**Task brief**:
The lines needed are those below that contain the word "close"; copy each one.

------------------------------------------------------------

(* Let $d\ge1$, $\Omega_s<0$, $\mathbf{\Omega}_a\in\mathbb{R}^{d\times d}$ skew-symmetric, $\mathbf{\Omega}=\Omega_s\mathbf{I}+\mathbf{\Omega}_a$, $D>0$, $\Sigma_0>0$, $\mathbf{m}_0\in\mathbb{R}^d$, $T>0$, $\epsilon\ge0$, $\lambda>0$, and let $\hat{\mathbf{D}}\in\mathbb{R}^{d\times d}$ be symmetric. Let $\mathbf{m}_t=e^{\mathbf{\Omega}t}\mathbf{m}_0$ and $\sigma_t^2=\Sigma_0e^{2\Omega_st}+D(e^{2\Omega_st}-1)/\Omega_s$ (so the isotropic Ornstein–Uhlenbeck process $d\mathbf{x}=\mathbf{\Omega}\mathbf{x}dt+\sqrt{2D}d\mathbf{W}$, $\mathbf{x}_0\sim\mathcal{N}(\mathbf{m}_0,\Sigma_0\mathbf{I})$, has marginals $\mathcal{N}(\mathbf{m}_t,\sigma_t^2\mathbf{I})$). Set $\mathbf{P}=\int_0^T\mathbf{m}_t\mathbf{m}_t^Tdt$, with eigendecomposition $\mathbf{P}=\sum_{i=1}^d\gamma_i\mathbf{u}_i\mathbf{u}_i^T$ ($\{\mathbf{u}_i\}$ orthonormal, $\gamma_1\ge\dots\ge\gamma_d\ge0$), and $$q=\int_0^T\frac{\sigma_t^4}{\sqrt{\epsilon^2/16+\sigma_t^4}}dt,\qquad r=\int_0^T\frac{\sigma_t^2}{\sqrt{\epsilon^2/16+\sigma_t^4}}dt.$$ Consider, for $\hat{\mathbf{\Omega}}\in\mathbb{R}^{d\times d}$, $$\mathcal{L}_\epsilon(\hat{\mathbf{\Omega}})=\mathrm{tr}\Big((\hat{\mathbf{\Omega}}-\mathbf{\Omega})^T(\hat{\mathbf{\Omega}}-\mathbf{\Omega})\mathbf{P}+\tfrac{q}{4}(\hat{\mathbf{\Omega}}+\hat{\mathbf{\Omega}}^T-2\Omega_s\mathbf{I})^2+r(\hat{\mathbf{\Omega}}+\hat{\mathbf{\Omega}}^T-2\Omega_s\mathbf{I})(\hat{\mathbf{D}}-D\mathbf{I})+\lambda T\hat{\mathbf{\Omega}}\hat{\mathbf{\Omega}}^T\Big).$$ Let $\tilde\lambda=\lambda T$, $\tilde q=q+\tilde\lambda$, $\Gamma_+=\tfrac12(\tilde\lambda^{-1}+\tilde q^{-1})$, $\omega_{ij}=\mathbf{u}_i^T\mathbf{\Omega}_a\mathbf{u}_j$ and $\eta_{ij}=\mathbf{u}_i^T\big(\Omega_s\mathbf{I}+r(\hat{\mathbf{D}}-D\mathbf{I})/\tilde\lambda\big)\mathbf{u}_j$. Then the minimum of $\mathcal{L}_\epsilon$ over $\mathbb{R}^{d\times d}$ is attained at $$\hat{\mathbf{\Omega}}=\mathbf{\Omega}-\sum_{i,j=1}^d\frac{\tilde\lambda\tilde q^{-1}\eta_{ij}(1+\gamma_i\tilde\lambda^{-1})+\omega_{ij}(1+\gamma_i\tilde q^{-1})}{\tilde q^{-1}\tilde\lambda^{-1}\gamma_i\gamma_j+\Gamma_+(\gamma_i+\gamma_j)+1}\,\mathbf{u}_i\mathbf{u}_j^T.$$
   Context: $\mathcal{L}_\epsilon$ is the continuous-time limit of the regularized Sinkhorn-divergence (entropic regularization $\epsilon$) inference loss for a linear force $\hat{\mathbf{\Omega}}\mathbf{x}$ with assumed diffusion tensor $\hat{\mathbf{D}}$ in this isotropic setting; the claim concerns this explicit function only. *)

theory Defs
  imports "HOL-Analysis.Analysis"
begin

primrec mpow :: "real^'n^'n \<Rightarrow> nat \<Rightarrow> real^'n^'n" where
  "mpow A 0 = mat 1"
| "mpow A (Suc k) = A ** mpow A k"

definition mexp :: "real^'n^'n \<Rightarrow> real^'n^'n" where
  "mexp A = (\<Sum>k. (1 / fact k) *\<^sub>R mpow A k)"

definition outer :: "real^'n \<Rightarrow> real^'n \<Rightarrow> real^'n^'n" where
  "outer u v = (\<chi> i j. u $ i * v $ j)"

definition loss_eps ::
  "real^'n^'n \<Rightarrow> real \<Rightarrow> real \<Rightarrow> real \<Rightarrow> real \<Rightarrow> real^'n^'n \<Rightarrow> real
   \<Rightarrow> real^'n^'n \<Rightarrow> real \<Rightarrow> real^'n^'n \<Rightarrow> real" where
  "loss_eps P q r lam T Om Oms Dh D Omh =
     trace (transpose (Omh - Om) ** (Omh - Om) ** P
       + (q / 4) *\<^sub>R ((Omh + transpose Omh - (2 * Oms) *\<^sub>R mat 1)
                         ** (Omh + transpose Omh - (2 * Oms) *\<^sub>R mat 1))
       + r *\<^sub>R ((Omh + transpose Omh - (2 * Oms) *\<^sub>R mat 1) ** (Dh - D *\<^sub>R mat 1))
       + (lam * T) *\<^sub>R (Omh ** transpose Omh))"

end

theory Submission
  imports Defs
begin

text \<open>In terms of the Frobenius inner product the loss is quadratic,
  L(\<Omega>' + Y) = L(\<Omega>') + \<langle>\<nabla>L(\<Omega>'), Y\<rangle> + \<langle>Y, Y P\<rangle> + q/4 |Y + Y^T|^2 + \<lambda>T |Y|^2,
  and the last three terms are nonnegative since P is positive semidefinite, so every critical
  point is a global minimiser. In the orthonormal eigenbasis of P, the (i, j) entry of the
  gradient at \<Omega> - \<Sigma> c_ij u_i u_j^T is
  2\<lambda>T (\<eta>_ij + \<omega>_ij) - 2 (\<gamma>_j + \<lambda>T) c_ij - q (c_ij + c_ji);
  since \<eta> is symmetric and \<omega> antisymmetric, the entries (i, j) and (j, i) form a 2 \<times> 2 linear
  system whose solution is the stated coefficient.\<close>

lemma transpose_add: "transpose (A + B) = transpose A + transpose (B :: 'a::semiring_1^'n^'m)"
  by (simp add: transpose_def vec_eq_iff)

lemma transpose_diff: "transpose (A - B) = transpose A - transpose (B :: 'a::ring_1^'n^'m)"
  by (simp add: transpose_def vec_eq_iff)

lemma transpose_sum: "transpose (sum f S) = (\<Sum>i\<in>S. transpose (f i :: 'a::semiring_1^'n^'m))"
  by (simp add: transpose_def vec_eq_iff)

lemma matrix_add_rdistrib: "(A + B) ** C = A ** C + B ** (C :: 'a::semiring_1^'p^'n)"
  by (simp add: matrix_matrix_mult_def vec_eq_iff distrib_right sum.distrib)

lemma trace_scaleR: "trace (c *\<^sub>R (A :: real^'n^'n)) = c * trace A"
  by (simp add: trace_def sum_distrib_left)

lemma inner_matrix_eq_trace: "(X :: real^'n^'m) \<bullet> Y = trace (transpose X ** Y)"
  unfolding trace_def matrix_matrix_mult_def transpose_def inner_vec_def
  by simp (rule sum.swap)

lemma trace_matrix_mult_eq_inner: "trace ((A :: real^'n^'m) ** B) = transpose A \<bullet> B"
  by (simp add: inner_matrix_eq_trace)

lemma inner_transpose_right: "(X :: real^'n^'m) \<bullet> transpose Y = transpose X \<bullet> Y"
  unfolding inner_vec_def transpose_def by simp (rule sum.swap)

lemma inner_transpose_transpose: "transpose (X :: real^'n^'m) \<bullet> transpose Y = X \<bullet> Y"
  by (simp add: inner_transpose_right)

lemma inner_matrix_mult_right_factor: "(X :: real^'n^'m) \<bullet> (Y ** P) = (X ** transpose P) \<bullet> Y"
proof -
  have "trace (transpose X ** (Y ** P)) = trace (P ** transpose X ** Y)"
    by (metis matrix_mul_assoc trace_mul_sym)
  then show ?thesis
    by (simp add: inner_matrix_eq_trace matrix_transpose_mul)
qed

lemma inner_matrix_mult_left_factor: "(X :: real^'n^'m) \<bullet> (Y ** Z) = (transpose Y ** X) \<bullet> Z"
  by (simp add: inner_matrix_eq_trace matrix_transpose_mul matrix_mul_assoc)

lemma inner_symmetric_add_transpose:
  assumes "transpose S = S"
  shows "S \<bullet> (Y + transpose Y) = 2 * (S \<bullet> (Y :: real^'n^'n))"
  using assms by (simp add: inner_add_right inner_transpose_right)

lemma inner_add_self: "(x + y) \<bullet> (x + y) = x \<bullet> x + 2 * (x \<bullet> y) + y \<bullet> (y :: 'a::real_inner)"
  by (simp add: inner_add_left inner_add_right inner_commute[of y x])

lemma inner_outer_right: "(X :: real^'n^'n) \<bullet> outer a b = a \<bullet> (X *v b)"
  by (simp add: inner_vec_def outer_def matrix_vector_mult_def sum_distrib_left algebra_simps)

lemma outer_scaleR_right: "outer a (c *\<^sub>R b) = c *\<^sub>R outer a b"
  by (simp add: outer_def vec_eq_iff ac_simps)

lemma inner_mat_1_outer: "mat 1 \<bullet> outer a b = a \<bullet> b"
  by (simp add: inner_outer_right)

lemma transpose_outer: "transpose (outer a b) = outer b a"
  by (simp add: outer_def transpose_def vec_eq_iff)

lemma outer_mult_vec: "outer a b *v x = (b \<bullet> x) *\<^sub>R a"
  by (simp add: outer_def matrix_vector_mult_def inner_vec_def vec_eq_iff sum_distrib_left
      mult.commute mult.left_commute)

lemma inner_transpose_outer: "transpose (X :: real^'n^'n) \<bullet> outer a b = X \<bullet> outer b a"
  by (simp add: inner_outer_right inner_commute[of a] dot_lmul_matrix[symmetric])

lemma inner_matrix_mult_outer:
  "((X :: real^'n^'n) ** Y) \<bullet> outer a b = X \<bullet> outer a (Y *v b)"
  by (simp add: inner_outer_right matrix_vector_mul_assoc)

lemma inner_outer_outer: "outer a b \<bullet> outer c d = (a \<bullet> c) * (b \<bullet> d)"
  by (simp add: inner_outer_right outer_mult_vec inner_commute)

definition orthonormal_on :: "'i set \<Rightarrow> ('i \<Rightarrow> 'a::real_inner) \<Rightarrow> bool" where
  "orthonormal_on I u \<longleftrightarrow> (\<forall>i\<in>I. \<forall>j\<in>I. u i \<bullet> u j = (if i = j then 1 else 0))"

lemma orthonormal_family_span_UNIV:
  fixes u :: "'i \<Rightarrow> real^'n"
  assumes orthonormal: "orthonormal_on I u"
    and card_I: "card I = CARD('n)"
  shows "span (u ` I) = UNIV"
proof -
  have "inj_on u I"
    using orthonormal unfolding orthonormal_on_def by (metis inj_onI zero_neq_one)
  then have card_image: "card (u ` I) = CARD('n)"
    using card_I by (simp add: card_image)
  have "pairwise orthogonal (u ` I)"
    using orthonormal by (auto simp: orthonormal_on_def pairwise_def orthogonal_def)
  moreover have "0 \<notin> u ` I"
    using orthonormal unfolding orthonormal_on_def by force
  ultimately have "independent (u ` I)"
    by (rule pairwise_orthogonal_independent)
  then have "UNIV \<subseteq> span (u ` I)"
    using card_image by (intro card_ge_dim_independent) (simp_all add: dim_UNIV)
  then show ?thesis
    by auto
qed

lemma matrix_eq_0_if_orthonormal_entries_eq_0:
  fixes u :: "'i \<Rightarrow> real^'n" and M :: "real^'n^'n"
  assumes orthonormal: "orthonormal_on I u"
    and card_I: "card I = CARD('n)"
    and entries: "\<forall>k\<in>I. \<forall>l\<in>I. M \<bullet> outer (u k) (u l) = 0"
  shows "M = 0"
proof -
  have span: "span (u ` I) = UNIV"
    using orthonormal card_I by (rule orthonormal_family_span_UNIV)
  have "M *v u l = 0" if "l \<in> I" for l
    using entries that by (intro vector_eq_dot_span[of _ "u ` I"]) (auto simp: span inner_outer_right)
  then have "M *v x = 0" for x
    using linear_eq_0_on_span[OF matrix_vector_mul_linear, of "u ` I" M x] span by auto
  then show ?thesis
    by (simp add: matrix_eq)
qed

lemma sum_orthonormal_delta:
  fixes u :: "'i \<Rightarrow> real^'n" and f :: "'i \<Rightarrow> 'a::real_vector"
  assumes orthonormal: "orthonormal_on I u"
    and "finite I" "l \<in> I"
  shows "(\<Sum>j\<in>I. (u j \<bullet> u l) *\<^sub>R f j) = f l"
proof -
  have "(\<Sum>j\<in>I. (u j \<bullet> u l) *\<^sub>R f j) = (\<Sum>j\<in>I. if j = l then f j else 0)"
    by (intro sum.cong refl) (use orthonormal assms(3) in \<open>auto simp: orthonormal_on_def\<close>)
  then show ?thesis
    using assms(2,3) by simp
qed

lemma inner_sum_outer_orthonormal:
  fixes u :: "'i \<Rightarrow> real^'n"
  assumes orthonormal: "orthonormal_on I u"
    and "finite I" "k \<in> I" "l \<in> I"
  shows "(\<Sum>i\<in>I. \<Sum>j\<in>I. c i j *\<^sub>R outer (u i) (u j)) \<bullet> outer (u k) (u l) = c k l"
proof -
  have "(\<Sum>i\<in>I. \<Sum>j\<in>I. c i j *\<^sub>R outer (u i) (u j)) \<bullet> outer (u k) (u l)
      = (\<Sum>i\<in>I. (u i \<bullet> u k) *\<^sub>R (\<Sum>j\<in>I. (u j \<bullet> u l) *\<^sub>R c i j))"
    unfolding inner_sum_left inner_scaleR_left inner_outer_outer
    by (simp add: sum_distrib_left ac_simps)
  also have "\<dots> = c k l"
    by (simp only: sum_orthonormal_delta[OF orthonormal assms(2,4)]
        sum_orthonormal_delta[OF orthonormal assms(2,3)])
  finally show ?thesis .
qed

------------------------------------------------------------

**Expected answer**:
  system whose solution is the stated coefficient.\<close>
    by (intro sum.cong refl) (use orthonormal assms(3) in \<open>auto simp: orthonormal_on_def\<close>)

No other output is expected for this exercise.